15th April 1830.

Dear Mary—If you do me the favour to see Murray, I know not how far you can utter the following things; or if you do, how far they will have any weight with his highness; yet I cannot but wish you should have them in your mind.

The book I offer is a collection of ten new and interesting truths, illustrated in no unpopular style. They are the fruit of thirty years’ meditation (it being so long since I wrote the Enquirer), in the full maturity of my understanding.

The book, therefore, will be very far from being merely one book more added to the number of books already existing in English literature. It must, as I conceive, when published make a deep impression, and cause the thinking part of the public to perceive—There are here laid before us ten interesting truths never before delivered.

Whether it is published during my life or after my death it is a light that cannot be extinguished—“the precious life-blood of a discerning spirit, embalmed and treasured up on purpose to a life beyond life.”

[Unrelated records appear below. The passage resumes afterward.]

text \<open>A rational function on h* that vanishes on the image of a nonempty Zariski open subset
  of g* vanishes generically: otherwise numerator times denominator, pulled back to g*,
  would be nonzero somewhere on that open set.\<close>
lemma ratfun_generic_zero:
  assumes \<phi>: "ratfun scale h \<phi>" and R: "nonzero_polyfun scale UNIV R"
    and zero: "\<And>x. x \<in> dualsp scale UNIV \<Longrightarrow> R x \<noteq> 0 \<Longrightarrow> \<phi> (restr h x) = 0"
  shows "generic scale h (\<lambda>l. \<phi> l = 0)"
proof -
  obtain p q where p: "p \<in> polyfun h" and q: "nonzero_polyfun scale h q"
    and pq: "\<And>l. l \<in> dualsp scale h \<Longrightarrow> q l \<noteq> 0 \<Longrightarrow> \<phi> l = p l / q l"
    using \<phi> by (auto simp: ratfun_iff)
  have "p l = 0" if l: "l \<in> dualsp scale h" "q l \<noteq> 0" for l
  proof (rule ccontr)
    assume "p l \<noteq> 0"
    then have "nonzero_polyfun scale h p" using p l by (auto simp: nonzero_polyfun_def)
    then have "nonzero_polyfun scale UNIV (\<lambda>x. p (restr h x) * q (restr h x) * R x)"
      by (intro nonzero_polyfun_mult nonzero_polyfun_restr q R)
    then obtain x where x: "x \<in> dualsp scale UNIV" "p (restr h x) * q (restr h x) * R x \<noteq> 0"
      by (auto simp: nonzero_polyfun_def)
    then show False
      using zero[OF x(1)] pq[OF restr_in_dualsp[OF x(1)]] by simp
  qed
  then show ?thesis using pq by (intro genericI[OF q]) simp
qed

definition sections :: "(('g \<Rightarrow> 'k) \<Rightarrow> 'g) list" where
  "sections = (\<lambda>l. bs ! 0) # map xi [m..<d]"

lemma length_sections: "length sections = Suc (d - m)"
  by (simp add: sections_def)

lemma sum_sections:
  "(\<Sum>i<Suc (d - m). f i (sections ! i)) = f 0 (\<lambda>l. bs ! 0) + (\<Sum>t<d - m. f (Suc t) (xi (m + t)))"
  by (simp only: sum.lessThan_Suc_shift) (simp add: sections_def)

lemma sum_sections_coord:
  assumes t: "t < d - m"
  shows "(\<Sum>i<Suc (d - m). c i * coord (m + t) ((sections ! i) l)) = c (Suc t) * pairing_det l"
proof -
  have "(\<Sum>t'<d - m. c (Suc t') * coord (m + t) (xi (m + t') l)) =
      (\<Sum>t'<d - m. if t' = t then c (Suc t) * pairing_det l else 0)"
    using t d_le_N by (intro sum.cong) (auto simp: coord_xi)
  then show ?thesis
    using t m_pos d_le_N unfolding sum_sections[of "\<lambda>i \<Psi>. c i * coord (m + t) (\<Psi> l)"]
    by (simp add: coord_basis)
qed

lemma dualsp_add_coord: "x \<in> dualsp scale UNIV \<Longrightarrow> (\<lambda>v. x v + c * coord j v) \<in> dualsp scale UNIV"
  by (simp add: dualsp_def coord_add coord_scale algebra_simps)

lemma restr_add_coord: "m \<le> j \<Longrightarrow> j < N \<Longrightarrow> restr h (\<lambda>v. x v + c * coord j v) = restr h x"
  using coord_h by (auto simp: restr_def)

lemma nonzero_polyfun_translate_coord:
  assumes Q: "nonzero_polyfun scale UNIV Q"
  shows "nonzero_polyfun scale UNIV (\<lambda>x. Q (\<lambda>v. x v + coord j v))"
proof -
  obtain x0 where x0: "x0 \<in> dualsp scale UNIV" "Q x0 \<noteq> 0" using Q by (auto simp: nonzero_polyfun_def)
  have "(\<lambda>v. x0 v + (-1) * coord j v) \<in> dualsp scale UNIV" by (rule dualsp_add_coord[OF x0(1)])
  then show ?thesis
    using x0 polyfun_translate[of Q UNIV "\<lambda>v. coord j v"] Q
    by (auto simp: nonzero_polyfun_def intro!: bexI[of _ "\<lambda>v. x0 v + (-1) * coord j v"])
qed

abbreviation section_relation :: "(('g \<Rightarrow> 'k) \<Rightarrow> 'k) list \<Rightarrow> ('g \<Rightarrow> 'k) \<Rightarrow> 'k" where
  "section_relation \<phi>s x \<equiv> \<Sum>i<Suc (d - m). (\<phi>s ! i) (restr h x) * fPsi h (sections ! i) x"

text \<open>Translating x by the coordinate functional of b_(m+t) does not change its restriction to h,
  and changes the relation by a multiple of the coefficient of xi (m + t).\<close>
lemma section_relation_coeff_xi_zero:
  assumes rel: "generic scale UNIV (\<lambda>x. section_relation \<phi>s x = 0)"
    and \<phi>: "ratfun scale h (\<phi>s ! Suc t)" and t: "t < d - m"
  shows "generic scale h (\<lambda>l. (\<phi>s ! Suc t) l = 0)"
proof -
  define j where "j = m + t"
  have j: "m \<le> j" "j < N" using t d_le_N by (auto simp: j_def)
  obtain Q where Q: "nonzero_polyfun scale UNIV Q"
    and QR: "\<And>x. x \<in> dualsp scale UNIV \<Longrightarrow> Q x \<noteq> 0 \<Longrightarrow> section_relation \<phi>s x = 0"
    using rel by (rule genericE) blast
  let ?shift = "\<lambda>x v. x v + 1 * coord j v"
  have "nonzero_polyfun scale UNIV (\<lambda>x. Q x * Q (?shift x) * pairing_det (restr h x))"
    using nonzero_polyfun_translate_coord[OF Q, of j]
    by (intro nonzero_polyfun_mult nonzero_polyfun_restr Q nonzero_polyfun_pairing_det) simp
  then show ?thesis
  proof (rule ratfun_generic_zero[OF \<phi>])
    fix x assume x: "x \<in> dualsp scale UNIV" and R: "Q x * Q (?shift x) * pairing_det (restr h x) \<noteq> 0"
    define l where "l = restr h x"
    have "(\<Sum>i<Suc (d - m). (\<phi>s ! i) l * x ((sections ! i) l)) = 0"
      using QR[OF x] R by (simp add: fPsi_def l_def del: sum.lessThan_Suc)
    moreover have "(\<Sum>i<Suc (d - m). (\<phi>s ! i) l * (x ((sections ! i) l) + coord j ((sections ! i) l))) = 0"
      using QR[OF dualsp_add_coord[OF x, of 1 j]] R restr_add_coord[OF j, of x 1]
      by (simp add: fPsi_def l_def del: sum.lessThan_Suc)
    ultimately have "(\<Sum>i<Suc (d - m). (\<phi>s ! i) l * coord j ((sections ! i) l)) = 0"
      by (simp add: distrib_left sum.distrib del: sum.lessThan_Suc)
    then have "(\<phi>s ! Suc t) l * pairing_det l = 0"
      using sum_sections_coord[OF t, of "\<lambda>i. (\<phi>s ! i) l" l] by (simp add: j_def)
    then show "(\<phi>s ! Suc t) (restr h x) = 0" using R by (simp add: l_def)
  qed
qed
text \<open>R is the quotient of the polynomial ring over k in the variables X(a,i,j)
(a \<in> A) by the ideal rep_ideal; equality in R is congruence modulo rep_ideal.
Variables with indices outside 1..N are set to zero.\<close>

type_synonym ('a, 'k) rpoly = "(('a \<times> nat \<times> nat) \<Rightarrow>\<^sub>0 nat) \<Rightarrow>\<^sub>0 'k"

definition Xv :: "'a \<Rightarrow> nat \<Rightarrow> nat \<Rightarrow> ('a, 'k::comm_ring_1) rpoly" where
  "Xv a i j = Poly_Mapping.single (Poly_Mapping.single (a, i, j) 1) 1"

definition Cst :: "'k::comm_ring_1 \<Rightarrow> ('a, 'k) rpoly" where
  "Cst c = Poly_Mapping.single 0 c"

definition ideal_gen :: "'r::comm_ring_1 set \<Rightarrow> 'r set" where
  "ideal_gen G = {(\<Sum>g\<in>F. r g * g) | F r. finite F \<and> F \<subseteq> G}"

definition dimN :: "(nat \<Rightarrow> nat) \<Rightarrow> nat \<Rightarrow> nat" where
  "dimN \<alpha> K = (\<Sum>s=1..K. \<alpha> s)"

definition in_block :: "(nat \<Rightarrow> nat) \<Rightarrow> nat \<Rightarrow> nat \<Rightarrow> bool" where
  "in_block \<alpha> s i \<longleftrightarrow> (\<Sum>t=1..<s. \<alpha> t) < i \<and> i \<le> (\<Sum>t=1..s. \<alpha> t)"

In the following amusing letter Clare gives Mary a few commissions. She was to interest her literary acquaintance in Paris in the publication and success of a French poem by a friend of Clare’s at Moscow, the greatest wish of whose heart was to appear in print. She was also to find a means of preventing the French translatress of Moore’s Life of Byron from introducing Clare’s name into her elucidatory footnotes. This was indeed all-important to Clare, as any revival of scandal about her might have robbed her of the means of subsistence, but it was also an extremely difficult and delicate task for Mary. But no one ever hesitated to make her of use. Her friends estimated her power by her goodwill, and her goodwill by their own need of her services; and they were generally right, for the will never failed, and the way was generally found.

Clare to Mrs. Shelley.

Nice, 11th December 1830.

My dear Mary—Your last letter, although so melancholy, gave me much pleasure, merely, therefore, because it came from you.

I intended to have written to all and each of you, but until now have not been able to put my resolution into execution. It must seem to you that I am strangely neglectful of my friends, or perhaps you think since I am so near Trelawny that I have been taking a lesson from him in the art of cultivating one’s friendships; but neither of these is the case, my silence is quite on another principle than this.